WRITER Rachel Cernansky
September 9, 2015 — When evidence started to mount a few years ago around the adverse health effects of bisphenol A, an endocrine-disrupting chemical that’s used in many plastics, the marketplace took note. Companies found themselves under pressure to stop using BPA and label products as clear of a hazard that everyone, it seemed, wanted to avoid.
But with tens of thousands of chemicals in use today and little restriction in the U.S. on which can be used in what products, BPA is but a speck on the tip of a chemical iceberg. Consumers might wish to avoid substances such as formaldehyde and arsenic (both known carcinogens) or phthalates (chemicals associated with cancer and endocrine disruption) in their clothing and other products, but the federal government rarely requires manufacturers to list everything that goes into clothingor other consumer goods outside of food.

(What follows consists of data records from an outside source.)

lemma skew_symmetric_zero_if_upper_zero:
  fixes M :: "'k::field_char_0^3^3"
  assumes skew: "skew_symmetric M" and upper: "M $ 1 $ 2 = 0" "M $ 1 $ 3 = 0" "M $ 2 $ 3 = 0"
  shows "M $ i $ j = 0"
proof -
  have lower: "M $ 2 $ 1 = 0" "M $ 3 $ 1 = 0" "M $ 3 $ 2 = 0"
    using upper skew_symmetric_entries(2)[OF skew, of 1 2] skew_symmetric_entries(2)[OF skew, of 1 3]
      skew_symmetric_entries(2)[OF skew, of 2 3] by simp_all
  show ?thesis
    using exhaust_3[of i] exhaust_3[of j] upper lower skew_symmetric_entries(1)[OF skew] by auto
qed

lemma skew_symmetric_lincomb:
  fixes A B C :: "'k::field_char_0^3^3"
  assumes "skew_symmetric A" "skew_symmetric B" "skew_symmetric C"
  shows "skew_symmetric (\<chi> i j. \<alpha> * A $ i $ j + \<beta> * B $ i $ j + \<gamma> * C $ i $ j)"
  unfolding skew_symmetric_def
proof (intro vec_eq_iff[THEN iffD2] allI)
  fix i j
  have "A $ j $ i = - A $ i $ j" "B $ j $ i = - B $ i $ j" "C $ j $ i = - C $ i $ j"
    using assms by (blast intro: skew_symmetric_entries)+
  then show "transpose (\<chi> i j. \<alpha> * A $ i $ j + \<beta> * B $ i $ j + \<gamma> * C $ i $ j) $ i $ j
             = (- (\<chi> i j. \<alpha> * A $ i $ j + \<beta> * B $ i $ j + \<gamma> * C $ i $ j)) $ i $ j"
    by (simp add: transpose_def)
qed

definition skew_coordinates :: "'k::field rep33 \<Rightarrow> 'k^3^3" where
  "skew_coordinates W = vector [vector [W Arr_a $ 1 $ 2, W Arr_a $ 1 $ 3, W Arr_a $ 2 $ 3],
                                vector [W Arr_b $ 1 $ 2, W Arr_b $ 1 $ 3, W Arr_b $ 2 $ 3],
                                vector [W Arr_c $ 1 $ 2, W Arr_c $ 1 $ 3, W Arr_c $ 2 $ 3]]"

lemma det_skew_coordinates_nonzero:
  fixes W :: "'k::field_char_0 rep33"
  assumes skew: "\<And>x. skew_symmetric (W x)"
    and indep: "lin_indep3 (W Arr_a) (W Arr_b) (W Arr_c)"
  shows "det (skew_coordinates W) \<noteq> 0"
proof
  assume "det (skew_coordinates W) = 0"
  then have "\<not> (\<exists>B. skew_coordinates W ** B = mat 1)"
    using invertible_det_nz invertible_right_inverse by blast
  then obtain c i where c: "(\<Sum>i\<in>UNIV. c i *s row i (skew_coordinates W)) = 0" and "c i \<noteq> 0"
    unfolding matrix_right_invertible_independent_rows by blast
  let ?M = "\<chi> i j. c 1 * W Arr_a $ i $ j + c 2 * W Arr_b $ i $ j + c 3 * W Arr_c $ i $ j"
  have "?M $ 1 $ 2 = 0" "?M $ 1 $ 3 = 0" "?M $ 2 $ 3 = 0"
    using c unfolding vec_eq_iff forall_3
    by (simp_all add: sum_3 row_def skew_coordinates_def vector_3)
  from skew_symmetric_zero_if_upper_zero[OF skew_symmetric_lincomb[OF skew skew skew] this]
  have "\<forall>i j. c 1 * W Arr_a $ i $ j + c 2 * W Arr_b $ i $ j + c 3 * W Arr_c $ i $ j = 0"
    by simp
  with indep have "c 1 = 0 \<and> c 2 = 0 \<and> c 3 = 0"
    unfolding lin_indep3_def by blast
  with \<open>c i \<noteq> 0\<close> show False
    using exhaust_3[of i] by auto
qed

lemma adj_trace_skew:
  fixes W :: "'k::field_char_0 rep33"
  assumes "\<And>x. skew_symmetric (W x)"
  shows "adj_trace W = - (det (skew_coordinates W) ^ 2)"
proof -
  have skew_entries: "\<And>x i. W x $ i $ i = 0" "\<And>x. W x $ 2 $ 1 = - W x $ 1 $ 2"
    "\<And>x. W x $ 3 $ 1 = - W x $ 1 $ 3" "\<And>x. W x $ 3 $ 2 = - W x $ 2 $ 3"
    by (rule skew_symmetric_entries[OF assms])+
  have "adj_trace W = - (det (skew_coordinates W) * det (skew_coordinates W))"
    unfolding adj_trace_def adj3_def trace_def matrix_matrix_mult_def det_3 skew_coordinates_def
    by (simp add: sum_3 numeral_3_simps skew_entries vector_3) (simp add: algebra_simps)
  then show ?thesis by (simp add: power2_eq_square)
qed

lemma skew_in_S_W_2_neg2:
  fixes W :: "'k::field_char_0 rep33"
  assumes "\<And>x. skew_symmetric (W x)" and "lin_indep3 (W Arr_a) (W Arr_b) (W Arr_c)"
  shows "(2, -2) \<in> S_W W"
proof -
  have "adj_trace W \<noteq> 0"
    using adj_trace_skew[OF assms(1)] det_skew_coordinates_nonzero[OF assms] by simp
  then show ?thesis unfolding S_W_def using adj_trace_in_SI by blast
qed

section \<open>Semi-invariants of weight (1,-1) vanish on skew-symmetric triples\<close>

lemma SI_1_neg1_mult_left_right:
  fixes f :: "'k::field rep33 \<Rightarrow> 'k"
  assumes "f \<in> SI (1, -1)" and "det h \<noteq> 0" and "det g \<noteq> 0"
  shows "f (\<lambda>x. h ** V x ** g) = det h * det g * f V"
  using assms unfolding SI_iff invertible_det_nz by simp

definition diag_mat :: "('n \<Rightarrow> 'k::zero) \<Rightarrow> 'k^'n^'n" where
  "diag_mat d = (\<chi> a b. if a = b then d a else 0)"

lemma det_diag_mat: "det (diag_mat d) = (\<Prod>a\<in>UNIV. d a)"
  by (simp add: det_diagonal diag_mat_def)

lemma diag_mat_mult: "diag_mat d ** M = (\<chi> a b. d a * M $ a $ b)"
  unfolding diag_mat_def matrix_matrix_mult_def
  by (auto simp: if_distrib if_distribR sum.delta'[OF finite] cong: if_cong)

lemma mult_diag_mat: "M ** diag_mat d = (\<chi> a b. M $ a $ b * d b)"
  unfolding diag_mat_def matrix_matrix_mult_def
  by (auto simp: if_distrib if_distribR sum.delta'[OF finite] cong: if_cong)

lemma det_diag_mat_single: "det (diag_mat (\<lambda>a. if a = i then s else 1)) = s"
  by (simp add: det_diag_mat prod.delta)

definition replace_row :: "'k rep33 \<Rightarrow> 3 \<Rightarrow> (theta3_arrow \<Rightarrow> 'k^3) \<Rightarrow> 'k rep33" where
  "replace_row V i R = (\<lambda>x. \<chi> a. if a = i then R x else V x $ a)"

lemma SI_1_neg1_replace_row_scale:
  fixes f :: "'k::field rep33 \<Rightarrow> 'k"
  assumes f: "f \<in> SI (1, -1)" and s: "s \<noteq> 0"
  shows "f (replace_row V i (\<lambda>x. s *s R x)) = s * f (replace_row V i R)"
proof -
  let ?D = "diag_mat (\<lambda>a. if a = i then s else 1) :: 'k^3^3"
  have "replace_row V i (\<lambda>x. s *s R x) = (\<lambda>x. ?D ** replace_row V i R x ** mat 1)"
    by (auto simp: diag_mat_mult replace_row_def vec_eq_iff)
  then show ?thesis
    using SI_1_neg1_mult_left_right[OF f, of ?D "mat 1"] s by (simp add: det_diag_mat_single)
qed

(* On the line t \<mapsto> A + t B the semi-invariant is a polynomial q, and homogeneity in the row
   gives q(t) = t h(1/t) for the polynomial h on the reversed line B + t A; so q is affine. *)
lemma SI_1_neg1_replace_row_add:
  fixes f :: "'k::field_char_0 rep33 \<Rightarrow> 'k"
  assumes f: "f \<in> SI (1, -1)"
  shows "f (replace_row V i (\<lambda>x. A x + B x)) = f (replace_row V i A) + f (replace_row V i B)"
proof -
  have line: "\<exists>p. \<forall>t. f (replace_row V i (\<lambda>x. C x + t *s D x)) = poly p t" for C D
  proof -
    have "replace_row V i (\<lambda>x. C x + t *s D x)
          = (\<lambda>x. \<chi> a b. replace_row V i C x $ a $ b + t * replace_row (\<lambda>_. 0) i D x $ a $ b)" for t
      by (auto simp: replace_row_def vec_eq_iff)
    moreover have "f \<in> poly_fun" using f unfolding SI_iff by blast
    ultimately show ?thesis by (simp only:) (rule poly_fun_restrict_line)
  qed
  obtain q where q: "f (replace_row V i (\<lambda>x. A x + t *s B x)) = poly q t" for t
    using line by blast
  obtain h where h: "f (replace_row V i (\<lambda>x. B x + t *s A x)) = poly h t" for t
    using line by blast
  have "poly q t = t * poly h (inverse t)" if t: "t \<noteq> 0" for t
  proof -
    have "poly q t = f (replace_row V i (\<lambda>x. A x + t *s B x))" by (rule q[symmetric])
    also have "(\<lambda>x. A x + t *s B x) = (\<lambda>x. t *s (B x + inverse t *s A x))"
      using t by (simp add: vec_eq_iff algebra_simps)
    also have "f (replace_row V i \<dots>) = t * f (replace_row V i (\<lambda>x. B x + inverse t *s A x))"
      by (rule SI_1_neg1_replace_row_scale[OF f t])
    finally show ?thesis by (simp only: h)
  qed
  from poly_1_eq_if_reciprocal[OF this] show ?thesis
    unfolding q[symmetric] h[symmetric] by simp
qed

lemma SI_1_neg1_zero_column:
  fixes f :: "'k::field_char_0 rep33 \<Rightarrow> 'k"
  assumes f: "f \<in> SI (1, -1)" and zero: "\<And>x a. V x $ a $ j = 0"
  shows "f V = 0"
proof -
  let ?D = "diag_mat (\<lambda>a. if a = j then 2 else 1) :: 'k^3^3"
  have "V = (\<lambda>x. mat 1 ** V x ** ?D)"
    using zero by (auto simp: mult_diag_mat vec_eq_iff)
  then have "f V = 2 * f V"
    using SI_1_neg1_mult_left_right[OF f, of "mat 1" ?D V] by (simp add: det_diag_mat_single)
  then show ?thesis by simp
qed

definition rows3 :: "(theta3_arrow \<Rightarrow> 'k::zero^3) \<Rightarrow> (theta3_arrow \<Rightarrow> 'k^3) \<Rightarrow> (theta3_arrow \<Rightarrow> 'k^3) \<Rightarrow> 'k rep33"
  where "rows3 R1 R2 R3 = (\<lambda>x. vector [R1 x, R2 x, R3 x])"

lemma rows3_eq_replace_row:
  "rows3 R R2 R3 = replace_row (rows3 R1 R2 R3) 1 R"
  "rows3 R1 R R3 = replace_row (rows3 R1 R2 R3) 2 R"
  "rows3 R1 R2 R = replace_row (rows3 R1 R2 R3) 3 R"
  unfolding rows3_def replace_row_def by (auto simp: vec_eq_iff forall_3 vector_3)

lemma SI_1_neg1_rows3_add:
  fixes f :: "'k::field_char_0 rep33 \<Rightarrow> 'k"
  assumes "f \<in> SI (1, -1)"
  shows "f (rows3 (\<lambda>x. A x + B x) R2 R3) = f (rows3 A R2 R3) + f (rows3 B R2 R3)"
    and "f (rows3 R1 (\<lambda>x. A x + B x) R3) = f (rows3 R1 A R3) + f (rows3 R1 B R3)"
    and "f (rows3 R1 R2 (\<lambda>x. A x + B x)) = f (rows3 R1 R2 A) + f (rows3 R1 R2 B)"
    using SI_1_neg1_replace_row_add[OF assms, of "rows3 A R2 R3" 1 A B]
      SI_1_neg1_replace_row_add[OF assms, of "rows3 R1 A R3" 2 A B]
      SI_1_neg1_replace_row_add[OF assms, of "rows3 R1 R2 A" 3 A B]
    by (simp_all only: rows3_eq_replace_row[symmetric])

lemma SI_1_neg1_vanishes_on_skew:
  fixes f :: "'k::field_char_0 rep33 \<Rightarrow> 'k"
  assumes f: "f \<in> SI (1, -1)" and skew: "\<And>x. skew_symmetric (W x)"
  shows "f W = 0"
proof -
  define p q r where "p x = W x $ 1 $ 2" and "q x = W x $ 1 $ 3" and "r x = W x $ 2 $ 3" for x
  define a1 b1 where "a1 x = (axis 2 (p x) :: 'k^3)" and "b1 x = (axis 3 (q x) :: 'k^3)" for x
  define a2 b2 where "a2 x = (axis 1 (- p x) :: 'k^3)" and "b2 x = (axis 3 (r x) :: 'k^3)" for x
  define a3 b3 where "a3 x = (axis 1 (- q x) :: 'k^3)" and "b3 x = (axis 2 (- r x) :: 'k^3)" for x
  have W: "W = rows3 (\<lambda>x. a1 x + b1 x) (\<lambda>x. a2 x + b2 x) (\<lambda>x. a3 x + b3 x)"
  proof
    fix x
    have "W x $ i $ i = 0" "W x $ 2 $ 1 = - p x" "W x $ 3 $ 1 = - q x" "W x $ 3 $ 2 = - r x" for i
      unfolding p_def q_def r_def by (rule skew_symmetric_entries[OF skew])+
    then show "W x = rows3 (\<lambda>x. a1 x + b1 x) (\<lambda>x. a2 x + b2 x) (\<lambda>x. a3 x + b3 x) x"
      by (simp add: vec_eq_iff forall_3 rows3_def vector_3 axis_def a1_def b1_def a2_def b2_def
          a3_def b3_def p_def q_def r_def)
  qed
  have zero_column: "f (rows3 R1 R2 R3) = 0"
    if "\<And>x. R1 x $ j = 0" "\<And>x. R2 x $ j = 0" "\<And>x. R3 x $ j = 0" for R1 R2 R3 j
  proof (rule SI_1_neg1_zero_column[OF f])
    fix x a
    show "rows3 R1 R2 R3 x $ a $ j = 0"
      using that exhaust_3[of a] by (auto simp: rows3_def vector_3)
  qed
  have "f (rows3 a1 a2 a3) = 0" "f (rows3 a1 a2 b3) = 0"
    by (rule zero_column[where j = 3]; simp add: axis_def a1_def a2_def a3_def b3_def)+
  moreover have "f (rows3 a1 b2 b3) = 0" "f (rows3 b1 b2 b3) = 0"
    by (rule zero_column[where j = 1]; simp add: axis_def a1_def b1_def b2_def b3_def)+
  moreover have "f (rows3 b1 a2 a3) = 0" "f (rows3 b1 b2 a3) = 0"
    by (rule zero_column[where j = 2]; simp add: axis_def b1_def a2_def b2_def a3_def)+
  ultimately have "f W = f (rows3 a1 b2 a3) + f (rows3 b1 a2 b3)"
    unfolding W SI_1_neg1_rows3_add[OF f] by simp
  also have "f (rows3 b1 a2 b3) = - f (rows3 a1 b2 a3)"
  proof -
    let ?P = "(\<chi> i j. if j = i + 2 then 1 else 0) :: 'k^3^3"
    have "rows3 b1 a2 b3 = (\<lambda>x. - ?P ** rows3 a1 b2 a3 x ** ?P)"
      by (simp add: fun_eq_iff vec_eq_iff forall_3 matrix_matrix_mult_def sum_3 numeral_3_simps
          rows3_def vector_3 axis_def a1_def b1_def a2_def b2_def a3_def b3_def)
    moreover have "det (- ?P) = -1" "det ?P = 1"
      by (simp_all add: det_3 numeral_3_simps)
    ultimately show ?thesis
      using SI_1_neg1_mult_left_right[OF f, of "- ?P" ?P] by simp
  qed
  finally show ?thesis by simp
qed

As a result, people are unaware if these or other substances are in their body lotion or their children’s pajamas.
The clandestine nature of these chemicals, however, is starting to change, as states enact legislation requiring greater transparency from companies about what comprises their products.
Washington state has taken the lead on this issue: The Children’s Safe Product Act, passed in 2008, now requires manufacturers of children’s products sold in the state to report into a state-managed, publicly accessible database if their products contain any of 66 designated chemicals of high concern to children.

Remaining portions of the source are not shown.